Zurrer believes that institutional welcome will become more common as artists learn their way around the art world—something most NFT artists didn’t even want to do. At the genesis of the NFT movement, said Zurrer, “there was a lot of rejection of what people saw as power structures in the traditional art world.” Now, artists and collectors in the space are learning that “this traditional art world is actually filled with really brilliant people who are very thoughtful and considerate. And some of the rules of thumb apply for a reason … so you get a course correction.”
Kyt Janae, head of community relations at the NFT platform Foundation, has been doing similar work, but from the collector side. Janae is working to guide native NFT collectors to consider art history, the artist’s context, and conceptual frameworks when collecting. “Never before has there been an artistic movement where the collectors were learning about art as they were purchasing,” Janae said.
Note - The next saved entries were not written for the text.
(* Any zero-error $O\left(\frac{n}{s}\right)$-pseudo-deterministic streaming algorithm for \textsc{Find-Duplicate} must use $\Omega\left(\frac{s}{\log n}\right)$ space.
   Context: \textsc{Find-Duplicate}: the input is a stream of $3n/2$ integers, each in $\{1,\dots,n\}$; the goal is to output an integer that appears at least twice in the stream. A randomized algorithm is zero-error if with probability one it either outputs a valid output or outputs $\bot$. An algorithm $A$ is $k$-pseudo-deterministic if for every valid input $x$ there is a set $S(x)$ of size at most $k$ such that $\Pr_r[A(x,r)\in S(x)]\ge \frac{k+1}{k+2}$. Space is measured in bits of memory of the one-pass streaming algorithm. *)

theory Defs
  imports "HOL-Probability.Probability"
begin

text \<open>A deterministic one-pass streaming algorithm: initial state, transition
  function (state, next stream symbol) to state, and an output function on the final
  state. Output None stands for bottom. States are natural numbers; an algorithm uses
  S bits of memory if all its states lie in the range below 2 to the S.\<close>
type_synonym det_alg = "nat \<times> (nat \<Rightarrow> nat \<Rightarrow> nat) \<times> (nat \<Rightarrow> nat option)"

definition run_det :: "det_alg \<Rightarrow> nat list \<Rightarrow> nat option" where
  "run_det D xs = (case D of (q0, delta, out) \<Rightarrow> out (foldl delta q0 xs))"

text \<open>A randomized streaming algorithm is a probability distribution over
  deterministic ones (the random string selects the deterministic algorithm).\<close>
type_synonym rand_alg = "det_alg pmf"

definition fd_input :: "nat \<Rightarrow> nat list \<Rightarrow> bool" where
  "fd_input n xs \<longleftrightarrow> length xs = 3 * n div 2 \<and> set xs \<subseteq> {1..n}"

definition is_dup :: "nat list \<Rightarrow> nat \<Rightarrow> bool" where
  "is_dup xs a \<longleftrightarrow> 2 \<le> length (filter (\<lambda>y. y = a) xs)"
Despite the increasing willingness of traditional collectors to open their arms, and wallets, to NFT artists, the art world gatekeepers are still not in agreement, even among themselves. Veteran gallerist Marianne Boesky started representing crypto art pioneer Sarah Meyohas in June, but took on only her analog works. At Art Basel, Boesky sold Interference #8 (2022), one of the hologram-based sculptural works in Meyohas’s “Interferences” series, for $295,000 to Howard Rachofsky, who has ranked on the ARTnews Top 200 Collectors list since 2002. Rachofsky is not an NFT collector; he said he liked the way the piece plays with perception and is “a classic way of putting a 21st-century look on something that is as old as a de Chirico.” For Boesky, art and NFTs are still two different worlds. “Any collector I work with who has $60 million is not spending it on Beeple,” she said. “They are spending it on Lichtenstein and de Kooning. The NFT industry and the art world are parallel universes.” Still, Boesky is dabbling: she has set up a separate company with partners deep in the NFT space.
Meanwhile, Mugrabi, the New York dealer, went so far as to place Beeple in the same lineage as Warhol. “His platform is social media, his canvas is the screen. It’s exciting,” Mugrabi said. He also owns NFT pieces by Urs Fischer and Tom Sachs.
It doesn’t hurt that a couple major NFT artists have gotten the endorsement of major museums. Beeple’s HUMAN ONE went on view at the Castello di Rivoli in Turin, and in the next year will make a stop at M+ in Hong Kong. New York’s Museum of Modern Art, the premier arbiter of contemporary art value, recently did a project with digital pioneer Anadol. And this past summer, a version of Anadol’s “Machine Hallucinations,” which sold as a set of eight NFTs at Sotheby’s Hong Kong last year for just over $5 million (making it, at the time, the priciest NFT collection sold by a single artist in Asia), went on view at the Centre Pompidou-Metz in France.
All this, and yet none of the NFT artists who emerged successfully from 2021 with new riches and expanded opportunities has picked up gallery representation. Skepticism remains, on both sides. Michah Dowbak, aka Mad Dog Jones, whom Zurrer credited as an artist who got his work profitably in the hands of good collectors, is more than happy being independent, and thinks most of his peers in the NFT scene feel the same. “We come from a different stream of artists; we didn’t go to art school. For those guys, the end goal is finding good gallery representation,” said Dowbak. “And that works for them. But I’m trying to do more than draw and paint.” Dowbak went on to mention collaborations with brands and less art-focused work.
If crypto winter is the time to build bridges between the art and NFT worlds, well, folks have their work cut out for them.
A version of this article appears in the 2022 edition of ARTnews’s Top 200 Collectors issue, under the title “NFTs: To Have and To Hodl.”